Memory, Perception, and Perspective

By Carmen Medina

Carmen Medina is a former CIA Deputy Director of Intelligence. A 32-year veteran of the Intelligence Community, she is also the author of Rebels at Work: A Handbook for Leading Change from Within. 

How safe is America today? How safe is the world? As we mark the passage of 15 years since September 11, 2001, many surveys indicate that we humans feel pretty darn unsafe. The Chicago Council on Global Affairs recently found that 42 percent of Americans feel less safe today than they did before September 11. This number has risen 15 percentage points in the past year.

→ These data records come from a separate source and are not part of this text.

lemma endpoint_prod_consistent_imp_ipcm_consistent:
  assumes alo: "real_alo_group G f e" and cont: "continuous_alo G f" and "is_interval G"
    and ipcm: "is_IPCM G n A" and rec: "ipcm_reciprocal G f e n A"
    and consistent: "pcm_consistent f n (ipcm_endpoint_prod f A)"
  shows "ipcm_consistent f n A"
  unfolding ipcm_consistent_def
proof (intro allI impI)
  fix i j k assume ijk: "i < n" "j < n" "k < n"
  define l where "l x y = fst (A x y)" for x y
  define h where "h x y = snd (A x y)" for x y
  let ?inv = "alo_inv G f e"
  have G: "l x y \<in> G" "h x y \<in> G" "l x y \<le> h x y" if "x < n" "y < n" for x y
    using ipcm that unfolding is_IPCM_def l_def h_def by blast+
  have swapped: "l y x = ?inv (h x y)" "h y x = ?inv (l x y)" if "x < n" "y < n" for x y
    using rec that unfolding ipcm_reciprocal_def l_def h_def by (metis fst_conv snd_conv)+
  have cycle: "set_op f (set_op f (ivl (A x y)) (ivl (A y z))) (ivl (A z x))
      = {f (f (l x y) (l y z)) (l z x)..f (f (h x y) (h y z)) (h z x)}"
    if "x < n" "y < n" "z < n" for x y z
    unfolding ivl_def l_def[symmetric] h_def[symmetric] fst_conv snd_conv
    using that G by (intro set_op_atLeastAtMost3[OF alo cont \<open>is_interval G\<close>]) auto
  have endpoint_prod_ijk: "f (f (l i j) (h i j)) (f (l j k) (h j k)) = f (l i k) (h i k)"
    using consistent ijk unfolding pcm_consistent_def ipcm_endpoint_prod_def l_def h_def by metis
  then have "f (f (l i j) (l j k)) (l k i) = f (f (l i k) (l k j)) (l j i)"
    unfolding swapped[OF ijk(1,3)] swapped[OF ijk(2,3)] swapped[OF ijk(1,2)]
    using ijk G by (intro alo_mult_inv_eq_mult_inv_inv[OF alo]) auto
  moreover have "f (f (h i j) (l i j)) (f (h j k) (l j k)) = f (h i k) (l i k)"
    using endpoint_prod_ijk ijk G real_alo_group_commute[OF alo] by metis
  then have "f (f (h i j) (h j k)) (h k i) = f (f (h i k) (h k j)) (h j i)"
    unfolding swapped[OF ijk(1,3)] swapped[OF ijk(2,3)] swapped[OF ijk(1,2)]
    using ijk G by (intro alo_mult_inv_eq_mult_inv_inv[OF alo]) auto
  ultimately show "set_op f (set_op f (ivl (A i j)) (ivl (A j k))) (ivl (A k i)) =
      set_op f (set_op f (ivl (A i k)) (ivl (A k j))) (ivl (A j i))"
    using cycle[of i j k] cycle[of i k j] ijk by simp
qed

theorem proposition12:
  fixes G :: "real set" and f :: "real \<Rightarrow> real \<Rightarrow> real" and e :: real
    and n :: nat and A :: "nat \<Rightarrow> nat \<Rightarrow> real \<times> real"
  assumes "real_alo_group G f e" and "continuous_alo G f" and "open_real_interval G"
    and "is_IPCM G n A" and "ipcm_reciprocal G f e n A"
  shows "(liu_consistent f e n A \<longrightarrow> approx_consistent f e n A) \<and>
         (approx_consistent f e n A \<longrightarrow> ipcm_consistent f n A)"
proof (intro conjI impI)
  assume "liu_consistent f e n A"
  then show "approx_consistent f e n A"
    unfolding liu_consistent_def approx_consistent_def using permutes_id by blast
next
  assume "approx_consistent f e n A"
  then have "pcm_consistent f n (ipcm_endpoint_prod f A)"
    using assms(1,4,5) by (intro approx_consistent_imp_endpoint_prod_consistent)
  moreover have "is_interval G"
    using assms(3) unfolding open_real_interval_def by blast
  ultimately show "ipcm_consistent f n A"
    using assms(1,2,4,5) by (intro endpoint_prod_consistent_imp_ipcm_consistent)
qed

end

Of course, the memorials associated with this weekend’s anniversary will only heighten that sense of unease. Because the attacks on September 11 were both so shocking and so devastating, they had the effect of resetting American and world perceptions about personal and global security. And the continued terrorist attacks by al Qaeda, and now ISIS, have only deepened the sense that the world is an increasingly dangerous place.

I think it’s important, as we think about the tragedy of September 11, to correct this perception. When we succumb to panic, despair, and—yes—exaggeration, we’re reacting exactly the way terror strategists want us to react. Terrorist organizations count on attacks having outsized impacts out of proportion to the actual damage caused. Terrorist attacks are acts of horror and theater designed to frighten their audiences for years to come.

I imagine most observers think that Europe in the last two years has suffered a record number of deaths from terrorism. According to a European-based data analytics firm, however, the number of deaths from terrorism in Europe have generally been declining since 1970. This year and last saw significant spikes, but even so, neither year ranks in the Top Ten since 1970. The worst year for fatalities in Europe was 1988, when a U.S. airliner was destroyed over Lockerbie, Scotland. Other years were almost as dreadful, particularly during the 1970s when the ETA, IRA, and Baader-Meinhoff terrorist groups ravaged Europe.

But I think this type of near-term statistical comparison isn’t really the point. The question we should be asking ourselves is, how safe can we reasonably expect human society to become? I think we would all agree that, barring some breakthroughs in human genetic engineering (and I would watch that space!), we are not yet capable of a global society devoid of human-against-human violence. But have we over the millennia been making progress? The historical record says yes.

I’ve just finished reading Sapiens: A Brief History of Humankind by Yuval Noah Harari, an Israeli professor of history. I recommend the book to national security and international affairs practitioners, because it provides some useful context and perspective on our current concerns. Harari makes a strong case that humans have become less violent over our history. He notes, for example, that skeletons found in ancient human settlements often reveal whether our ancestors suffered violent deaths. Among 400 such skeletons found in the Danube Valley, 4.5% percent showed signs of human-against-human violence. If this number is representative of our early human communities, then they killed each other at triple the rate that we do today.

Harari goes on to note that the last seven decades have been the most peaceful in human history. In fact, in 2002, the year after September 11, more humans committed suicide than were killed by wars, acts of terrorism, and violent crime combined. Today, we suffer nine murders per year per 100,000 people; even though modern humans benefit from much more efficient ways of hurting each other, medieval Europeans killed their fellow humans at four times that rate.

None of us has the formula for determining an acceptable level of violence in human society. But we all have the capacity to keep historical events in perspective. September 11 was a tragedy, but it did not reveal the black truth at the core of the human condition. For me, the best way to honor the victims of September 11—and all the brave men and women who have fought to make us safer—is to remain hopeful about our common human destiny. I like to think that no matter what happens in the world, there is only ever one question that really matters:   Do you still hope?